When you run this fiddle in Firefox, you'll see:
checking
connected
Does not use TURN
This is because the example provides both a STUN and a TURN server. But when I modify the config to use TURN only with iceTransportPolicy: "relay", I see:
checking
connected
Uses TURN server: 10.252.73.50
Note that the turn server I use is behind a VPN, so it won't work for you, but feel free to modify the fiddle with your own server (just don't save it unless you want the info to become public!)
While I haven't tested with more than one turn server, as you can see the IP address shown matches the turn server configured, so it should be possible to tell which server is used using this approach.
// Turn server is on Mozilla's VPN.
var cfg = { iceTransportPolicy: "all", // set to "relay" to force TURN.
iceServers: [{ urls: "stun:stun.l.google.com:19302" },
{ urls: "turn:10.252.73.50",
username:"webrtc", credential:"firefox" }] };
var pc1 = new RTCPeerConnection(cfg), pc2 = new RTCPeerConnection(cfg);
pc1.onicecandidate = e => pc2.addIceCandidate(e.candidate);
pc2.onicecandidate = e => pc1.addIceCandidate(e.candidate);
pc2.oniceconnectionstatechange = () => log(pc2.iceConnectionState);
pc2.onaddstream = e => v2.srcObject = e.stream;
var findSelected = stats =>
[...stats.values()].find(s => s.type == "candidate-pair" && s.selected);
var start = () => navigator.mediaDevices.getUserMedia({ video: true })

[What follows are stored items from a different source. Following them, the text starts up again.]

lemma primitive_element_notin_subfield:
  fixes K :: "'a::field set"
  assumes "is_subfield K" "K \<noteq> UNIV" "primitive_element \<alpha>"
  shows "\<alpha> \<notin> K"
proof
  assume "\<alpha> \<in> K"
  then have "\<alpha> ^ n \<in> K" for n
    using assms(1) by (induction n) (simp_all add: is_subfield_def)
  then have "x \<in> K" for x
    using assms(1,3) by (cases "x = 0") (auto simp: is_subfield_def primitive_element_def)
  with assms(2) show False by blast
qed

locale quadratic_extension =
  fixes K :: "'a::{field,finite} set" and \<alpha> :: 'a
  assumes subfield: "is_subfield K"
    and card_UNIV: "card (UNIV :: 'a set) = card K ^ 2"
    and alpha_notin: "\<alpha> \<notin> K"
begin

lemma zero_in [simp]: "0 \<in> K" and one_in: "1 \<in> K"
  using subfield by (simp_all add: is_subfield_def)

lemma diff_in: "x \<in> K \<Longrightarrow> y \<in> K \<Longrightarrow> x - y \<in> K"
  and mult_in: "x \<in> K \<Longrightarrow> y \<in> K \<Longrightarrow> x * y \<in> K"
  using subfield by (simp_all add: is_subfield_def)

lemma inverse_in: "x \<in> K \<Longrightarrow> inverse x \<in> K"
  using subfield by (cases "x = 0") (simp_all add: is_subfield_def)

lemma divide_in: "x \<in> K \<Longrightarrow> y \<in> K \<Longrightarrow> x / y \<in> K"
  by (simp add: divide_inverse mult_in inverse_in)

lemma basis_unique:
  assumes "a \<in> K" "b \<in> K" "a' \<in> K" "b' \<in> K" "a + b * \<alpha> = a' + b' * \<alpha>"
  shows "a = a' \<and> b = b'"
proof (cases "b = b'")
  case False
  then have "\<alpha> = (a' - a) / (b - b')"
    using assms(5) by (simp add: field_simps)
  then have "\<alpha> \<in> K"
    using assms(1-4) by (simp add: divide_in diff_in)
  with alpha_notin show ?thesis ..
qed (use assms in simp)

lemma basis_surj: "(\<lambda>(a, b). a + b * \<alpha>) ` (K \<times> K) = UNIV"
proof (rule card_subset_eq)
  have "inj_on (\<lambda>(a, b). a + b * \<alpha>) (K \<times> K)"
    using basis_unique by (auto simp: inj_on_def)
  then show "card ((\<lambda>(a, b). a + b * \<alpha>) ` (K \<times> K)) = card (UNIV :: 'a set)"
    by (simp add: card_image card_cartesian_product card_UNIV power2_eq_square)
qed auto

definition alpha_coord :: "'a \<Rightarrow> 'a" where
  "alpha_coord y = (THE b. b \<in> K \<and> (\<exists>a\<in>K. y = a + b * \<alpha>))"

lemma alpha_coord_eq:
  assumes "a \<in> K" "b \<in> K"
  shows "alpha_coord (a + b * \<alpha>) = b"
  unfolding alpha_coord_def
  by (rule the_equality) (use assms basis_unique in blast)+

lemma alpha_coord_decomp: "alpha_coord y \<in> K \<and> (\<exists>a\<in>K. y = a + alpha_coord y * \<alpha>)"
proof -
  have "y \<in> (\<lambda>(a, b). a + b * \<alpha>) ` (K \<times> K)"
    using basis_surj by simp
  then obtain a b where "a \<in> K" "b \<in> K" "y = a + b * \<alpha>"
    by auto
  then show ?thesis
    by (auto simp: alpha_coord_eq)
qed

lemma alpha_coord_in: "alpha_coord y \<in> K"
  using alpha_coord_decomp by blast

lemma alpha_coord_eq_0_iff: "alpha_coord y = 0 \<longleftrightarrow> y \<in> K"
  using alpha_coord_decomp[of y] alpha_coord_eq[of y 0] by auto

lemma alpha_coord_diff: "alpha_coord (x - y) = alpha_coord x - alpha_coord y"
proof -
  obtain a b where "a \<in> K" "x = a + alpha_coord x * \<alpha>" "b \<in> K" "y = b + alpha_coord y * \<alpha>"
    using alpha_coord_decomp by metis
  then have "x - y = (a - b) + (alpha_coord x - alpha_coord y) * \<alpha>"
    by (simp add: algebra_simps)
  then show ?thesis
    by (simp add: alpha_coord_eq diff_in alpha_coord_in \<open>a \<in> K\<close> \<open>b \<in> K\<close>)
qed

lemma alpha_coord_scale:
  assumes "t \<in> K"
  shows "alpha_coord (t * y) = t * alpha_coord y"
proof -
  obtain a where "a \<in> K" and y: "y = a + alpha_coord y * \<alpha>"
    using alpha_coord_decomp by blast
  have "t * y = t * (a + alpha_coord y * \<alpha>)"
    using y by (rule arg_cong)
  also have "\<dots> = t * a + (t * alpha_coord y) * \<alpha>"
    by (simp add: algebra_simps)
  finally show ?thesis
    using assms \<open>a \<in> K\<close> by (simp add: alpha_coord_eq mult_in alpha_coord_in)
qed

lemma S_set_eq_alpha_coord:
  assumes "c \<in> K - {0}"
  shows "S_set K \<alpha> c = {y. alpha_coord y = c}"
proof -
  have "y \<noteq> 0" if "alpha_coord y = c" for y
    using that assms alpha_coord_eq_0_iff by force
  then show ?thesis
    using assms alpha_coord_decomp by (auto simp: S_set_def alpha_coord_eq)
qed

lemma card_S_set:
  assumes "c \<in> K - {0}"
  shows "card (S_set K \<alpha> c) = card K"
proof -
  have "S_set K \<alpha> c = (\<lambda>a. a + c * \<alpha>) ` K"
    using assms alpha_coord_decomp by (auto simp: S_set_eq_alpha_coord alpha_coord_eq)
  then show ?thesis
    by (simp add: card_image)
qed

lemma UN_S_set: "(\<Union>c\<in>K - {0}. S_set K \<alpha> c) = UNIV - K"
  using alpha_coord_in alpha_coord_eq_0_iff by (auto simp: S_set_eq_alpha_coord)

lemma disjoint_family_params_S_set:
  "disjoint_family_params mult_group_field (card K ^ 2 - 1) (card K - 1) (card K) (K - {0}) (S_set K \<alpha>)"
  unfolding disjoint_family_params_def
proof (intro conjI ballI impI)
  show "card (carrier (mult_group_field :: 'a monoid)) = card K ^ 2 - 1"
    using card_UNIV by (simp add: card_Diff_singleton)
  show "card (K - {0}) = card K - 1"
    by (simp add: card_Diff_singleton)
next
  fix c
  assume c: "c \<in> K - {0}"
  have "alpha_coord 0 = 0" "alpha_coord 1 = 0"
    using one_in by (simp_all add: alpha_coord_eq_0_iff)
  with c show "S_set K \<alpha> c \<subseteq> carrier mult_group_field - {\<one>\<^bsub>mult_group_field\<^esub>}"
    by (auto simp: S_set_eq_alpha_coord)
  show "card (S_set K \<alpha> c) = card K"
    using c by (rule card_S_set)
next
  fix c d
  assume "c \<in> K - {0}" "d \<in> K - {0}" "c \<noteq> d"
  then show "S_set K \<alpha> c \<inter> S_set K \<alpha> d = {}"
    by (auto simp: S_set_eq_alpha_coord)
qed (simp_all add: group_mult_group_field)

lemma bij_alpha_coord_pair:
  assumes "z \<notin> K"
  shows "bij_betw (\<lambda>y. (alpha_coord y, alpha_coord (z * y))) UNIV (K \<times> K)"
proof -
  let ?f = "\<lambda>y. (alpha_coord y, alpha_coord (z * y))"
  have "inj ?f"
  proof (rule injI)
    fix x y
    assume "?f x = ?f y"
    then have "x - y \<in> K" "z * (x - y) \<in> K"
      by (simp_all add: alpha_coord_diff alpha_coord_eq_0_iff[symmetric] right_diff_distrib)
    show "x = y"
    proof (rule ccontr)
      assume "x \<noteq> y"
      then have "z = z * (x - y) / (x - y)" by simp
      with \<open>x - y \<in> K\<close> \<open>z * (x - y) \<in> K\<close> have "z \<in> K"
        by (metis divide_in)
      with assms show False ..
    qed
  qed
  moreover have "range ?f = K \<times> K"
  proof (rule card_subset_eq)
    show "range ?f \<subseteq> K \<times> K"
      using alpha_coord_in by auto
    show "card (range ?f) = card (K \<times> K)"
      using \<open>inj ?f\<close> by (simp add: card_image card_UNIV card_cartesian_product power2_eq_square)
  qed simp
  ultimately show ?thesis
    by (simp add: bij_betw_def)
qed

lemma count_Delta2_S_set:
  assumes "c \<in> K - {0}" "d \<in> K - {0}"
  shows "count (Delta2 mult_group_field (S_set K \<alpha> c) (S_set K \<alpha> d)) z
    = card {y. alpha_coord y = d \<and> alpha_coord (z * y) = c}"
proof -
  have "0 \<notin> S_set K \<alpha> d"
    by (simp add: S_set_def)
  then have "count (Delta2 mult_group_field (S_set K \<alpha> c) (S_set K \<alpha> d)) z
      = card {y \<in> S_set K \<alpha> d. z * y \<in> S_set K \<alpha> c}"
    by (intro count_Delta2_mult_group_field) auto
  also have "{y \<in> S_set K \<alpha> d. z * y \<in> S_set K \<alpha> c}
      = {y. alpha_coord y = d \<and> alpha_coord (z * y) = c}"
    using assms by (simp add: S_set_eq_alpha_coord)
  finally show ?thesis .
qed

lemma count_Delta2_S_set_notin:
  assumes "z \<notin> K" "c \<in> K - {0}" "d \<in> K - {0}"
  shows "count (Delta2 mult_group_field (S_set K \<alpha> c) (S_set K \<alpha> d)) z = 1"
  using card_fiber_bij[OF bij_alpha_coord_pair[OF assms(1)], of "(d, c)"] assms(2,3)
  by (simp add: count_Delta2_S_set)

lemma count_Delta2_S_set_in:
  assumes "z \<in> K" "c \<in> K - {0}" "d \<in> K - {0}"
  shows "count (Delta2 mult_group_field (S_set K \<alpha> c) (S_set K \<alpha> d)) z
    = (if c = z * d then card K else 0)"
proof -
  have "{y. alpha_coord y = d \<and> alpha_coord (z * y) = c} = (if c = z * d then S_set K \<alpha> d else {})"
    using assms by (auto simp: alpha_coord_scale S_set_eq_alpha_coord)
  then show ?thesis
    using assms by (simp add: count_Delta2_S_set card_S_set)
qed

lemma count_Int_fam_S_set:
  assumes "z \<noteq> 0" "z \<noteq> 1"
  shows "count (Int_fam mult_group_field (K - {0}) (S_set K \<alpha>)) z = (if z \<in> K then 0 else card K - 1)"
proof -
  have "count (Int_fam mult_group_field (K - {0}) (S_set K \<alpha>)) z
      = (\<Sum>c\<in>K - {0}. count (Delta2 mult_group_field (S_set K \<alpha> c) (S_set K \<alpha> c)) z)"
    using assms disjoint_family_params_S_set
    by (intro count_Int_fam) (auto simp: group_mult_group_field disjoint_family_params_def)
  also have "\<dots> = (\<Sum>c\<in>K - {0}. if z \<in> K then 0 else 1)"
    using assms by (intro sum.cong) (auto simp: count_Delta2_S_set_in count_Delta2_S_set_notin)
  finally show ?thesis
    by (simp add: card_Diff_singleton)
qed

lemma count_Ext_fam_S_set:
  assumes "z \<noteq> 0" "z \<noteq> 1"
  shows "count (Ext_fam mult_group_field (K - {0}) (S_set K \<alpha>)) z
    = (if z \<in> K then card K ^ 2 - card K else (card K - 1) * (card K - 2))"
proof -
  let ?T = "{(c, d). c \<in> K - {0} \<and> d \<in> K - {0} \<and> c \<noteq> d}"
  have "card ?T = card (K - {0}) * (card (K - {0}) - 1)"
    by (rule card_off_diagonal) simp
  then have card_T: "card ?T = (card K - 1) * (card K - 2)"
    by (simp add: card_Diff_singleton numeral_2_eq_2)
  show ?thesis
  proof (cases "z \<in> K")
    case True
    have "count (Ext_fam mult_group_field (K - {0}) (S_set K \<alpha>)) z
        = (\<Sum>(c, d)\<in>?T. if c = z * d then card K else 0)"
      unfolding count_Ext_fam using True by (intro sum.cong) (auto simp: count_Delta2_S_set_in)
    also have "\<dots> = (\<Sum>p\<in>{p \<in> ?T. fst p = z * snd p}. card K)"
      using finite_subset[of ?T "K \<times> K"] by (subst sum.inter_filter) (auto simp: case_prod_beta)
    also have "\<dots> = card K * card {p \<in> ?T. fst p = z * snd p}"
      by simp
    also have "{p \<in> ?T. fst p = z * snd p} = (\<lambda>d. (z * d, d)) ` (K - {0})"
      using True assms by (auto simp: mult_in)
    also have "card \<dots> = card K - 1"
      by (simp add: card_image inj_on_def card_Diff_singleton)
    finally show ?thesis
      using True by (simp add: power2_eq_square diff_mult_distrib2)
  next
    case False
    have "count (Ext_fam mult_group_field (K - {0}) (S_set K \<alpha>)) z = (\<Sum>(c, d)\<in>?T. 1)"
      unfolding count_Ext_fam using False by (intro sum.cong) (auto simp: count_Delta2_S_set_notin)
    then show ?thesis
      using False card_T by simp
  qed
qed

lemma DPDF_S_set:
  "DPDF mult_group_field (card K ^ 2 - 1) (card K - 1) (card K) (card K - 1) 0 (K - {0}) (S_set K \<alpha>)"
  unfolding DPDF_def using disjoint_family_params_S_set count_Int_fam_S_set UN_S_set by auto

lemma EPDF_S_set:
  "EPDF mult_group_field (card K ^ 2 - 1) (card K - 1) (card K)
     ((card K - 1) * (card K - 2)) (card K ^ 2 - card K) (K - {0}) (S_set K \<alpha>)"
  unfolding EPDF_def using disjoint_family_params_S_set count_Ext_fam_S_set UN_S_set by auto

end

lemma S'_set_eq:
  assumes "2 \<le> q"
  shows "S'_set q K \<alpha> c = {i \<in> carrier (integer_mod_group (q ^ 2 - 1)). \<alpha> ^ nat i \<in> S_set K \<alpha> c}"
proof -
  have "4 \<le> q ^ 2"
    using power_mono[OF assms, of 2] by simp
  then show ?thesis
    by (auto simp: S'_set_def carrier_integer_mod_group)
qed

.then(stream => pc1.addStream(v1.srcObject = stream))
.then(() => pc1.createOffer()).then(d => pc1.setLocalDescription(d))

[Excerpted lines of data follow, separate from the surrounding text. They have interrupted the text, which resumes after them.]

(* Let $(X_j,Y_j,S_j)$, $j\in\mathbb{Z}$, be a FAIM process. Then there exists a non-increasing sequence $\psi(N)$ with $\psi(N)\to1$ as $N\to\infty$ and $\psi(0)<\infty$ such that for all $N>M\ge L\ge1$, \[P_{X_1^L,Y_1^L,X_{M+1}^N,Y_{M+1}^N}\le\psi(M-L)\cdot P_{X_1^L,Y_1^L}\cdot P_{X_{M+1}^N,Y_{M+1}^N}\] (pointwise, for all realizations).
   Context: FAIM process: $(X_j,Y_j,S_j)$, $j\in\mathbb{Z}$, is strictly stationary, $X_j\in\{0,1\}$, $Y_j$ takes values in a finite alphabet, $S_j$ in a finite set $\mathcal{S}$; the conditional law $P_{X_j,Y_j,S_j|S_{j-1}}$ does not depend on $j$; and conditioned on $S_{j-1}$, $\{X_k,Y_k,S_k\}_{k\ge j}$ is independent of $\{X_l,Y_l,S_{l-1}\}_{l<j}$. The state sequence $(S_j)$ is a homogeneous, finite-state, stationary, aperiodic and irreducible Markov chain. *)

theory Defs
  imports "HOL-Probability.Probability"
begin

(* X_j takes values in {0,1} (modelled as bool), Y_j in a finite type 'y,
   S_j in a finite type 's (the state set \<S> is the whole type 's). *)

definition ev :: "'w measure \<Rightarrow> ('w \<Rightarrow> bool) \<Rightarrow> 'w set" where
  "ev M P = {w \<in> space M. P w}"

(* strict stationarity, expressed via all finite cylinder probabilities
   (all alphabets are finite) *)
definition strictly_stationary ::
  "'w measure \<Rightarrow> (int \<Rightarrow> 'w \<Rightarrow> bool) \<Rightarrow> (int \<Rightarrow> 'w \<Rightarrow> 'y) \<Rightarrow> (int \<Rightarrow> 'w \<Rightarrow> 's) \<Rightarrow> bool" where
  "strictly_stationary M X Y S \<longleftrightarrow>
     (\<forall>k n x y s.
        measure M (ev M (\<lambda>w. \<forall>i<n. X (k + int i) w = x i \<and> Y (k + int i) w = y i \<and> S (k + int i) w = s i))
      = measure M (ev M (\<lambda>w. \<forall>i<n. X (int i) w = x i \<and> Y (int i) w = y i \<and> S (int i) w = s i)))"

(* the conditional law P_{X_j,Y_j,S_j | S_{j-1}} does not depend on j
   (cross-multiplied form of P(.|S_{j-1}=s') = P(.|S_0=s')) *)
definition time_invariant_kernel ::
  "'w measure \<Rightarrow> (int \<Rightarrow> 'w \<Rightarrow> bool) \<Rightarrow> (int \<Rightarrow> 'w \<Rightarrow> 'y) \<Rightarrow> (int \<Rightarrow> 'w \<Rightarrow> 's) \<Rightarrow> bool" where
  "time_invariant_kernel M X Y S \<longleftrightarrow>
     (\<forall>j s' x y s.
        measure M (ev M (\<lambda>w. X j w = x \<and> Y j w = y \<and> S j w = s \<and> S (j - 1) w = s'))
          * measure M (ev M (\<lambda>w. S 0 w = s'))
      = measure M (ev M (\<lambda>w. X 1 w = x \<and> Y 1 w = y \<and> S 1 w = s \<and> S 0 w = s'))
          * measure M (ev M (\<lambda>w. S (j - 1) w = s')))"

(* conditioned on S_{j-1}, {X_k,Y_k,S_k}_{k>=j} is independent of {X_l,Y_l,S_{l-1}}_{l<j};
   stated for all finite cylinder events of past and future (finite alphabets) *)
definition state_cond_indep ::
  "'w measure \<Rightarrow> (int \<Rightarrow> 'w \<Rightarrow> bool) \<Rightarrow> (int \<Rightarrow> 'w \<Rightarrow> 'y) \<Rightarrow> (int \<Rightarrow> 'w \<Rightarrow> 's) \<Rightarrow> bool" where
  "state_cond_indep M X Y S \<longleftrightarrow>
     (\<forall>j m n xp yp sp xf yf sf s.
        let A = ev M (\<lambda>w. \<forall>i<m. X (j - 1 - int i) w = xp i \<and> Y (j - 1 - int i) w = yp i
                                 \<and> S (j - 2 - int i) w = sp i);
            B = ev M (\<lambda>w. \<forall>i<n. X (j + int i) w = xf i \<and> Y (j + int i) w = yf i
                                 \<and> S (j + int i) w = sf i);
            C = ev M (\<lambda>w. S (j - 1) w = s)
        in measure M (A \<inter> B \<inter> C) * measure M C = measure M (A \<inter> C) * measure M (B \<inter> C))"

.then(() => pc2.setRemoteDescription(pc1.localDescription))
.then(() => pc2.createAnswer()).then(d => pc2.setLocalDescription(d))
.then(() => pc1.setRemoteDescription(pc2.localDescription))
.then(() => waitUntil(() => pc1.getStats().then(s => findSelected(s))))
.then(() => pc1.getStats())
.then(stats => {
var candidate = stats.get(findSelected(stats).localCandidateId);
if (candidate.candidateType == "relayed") {
log("Uses TURN server: " + candidate.ipAddress);
} else {
log("Does not use TURN (uses " + candidate.candidateType + ").");
}
})
.catch(log);
var waitUntil = f => Promise.resolve(f())
.then(done => done || wait(200).then(() => waitUntil(f)));
var wait = ms => new Promise(resolve => setTimeout(resolve, ms));
var log = msg => div.innerHTML += msg +"<br>";
var failed = e => log(e +", line "+ e.lineNumber);
<video id="v1" width="108" height="81" autoplay></video>
<video id="v2" width="108" height="81" autoplay></video><br>
<button onclick="start()">Start!</button><br><div id="div"></div>
<script src="https://webrtc.github.io/adapter/adapter-latest.js"></script>
I wrote and tested the below piece of code, works in latest versions of both firefox and chrome, getConnectionDetails returns a promise which resolves to connection details:
function getConnectionDetails(peerConnection){
var connectionDetails = {}; // the final result object.
if(window.chrome){ // checking if chrome
var reqFields = [ 'googLocalAddress',
'googLocalCandidateType',
'googRemoteAddress',
'googRemoteCandidateType'
];
return new Promise(function(resolve, reject){
peerConnection.getStats(function(stats){
var filtered = stats.result().filter(function(e){return e.id.indexOf('Conn-audio')==0 && e.stat('googActiveConnection')=='true'})[0];
if(!filtered) return reject('Something is wrong...');
reqFields.forEach(function(e){connectionDetails[e.replace('goog', '')] = filtered.stat(e)});
resolve(connectionDetails);
});
});
}else{ // assuming it is firefox
return peerConnection.getStats(null).then(function(stats){
var selectedCandidatePair = stats[Object.keys(stats).filter(function(key){return stats[key].selected})[0]]
, localICE = stats[selectedCandidatePair.localCandidateId]
, remoteICE = stats[selectedCandidatePair.remoteCandidateId];
connectionDetails.LocalAddress = [localICE.ipAddress, localICE.portNumber].join(':');
connectionDetails.RemoteAddress = [remoteICE.ipAddress, remoteICE.portNumber].join(':');
connectionDetails.LocalCandidateType = localICE.candidateType;
connectionDetails.RemoteCandidateType = remoteICE.candidateType;
return connectionDetails;
});
}
}
I would like point out one thing, all these three methods fail in one scenario: two turn servers running from same machine on different ports, only reliable way I found was looking at the turn server logs.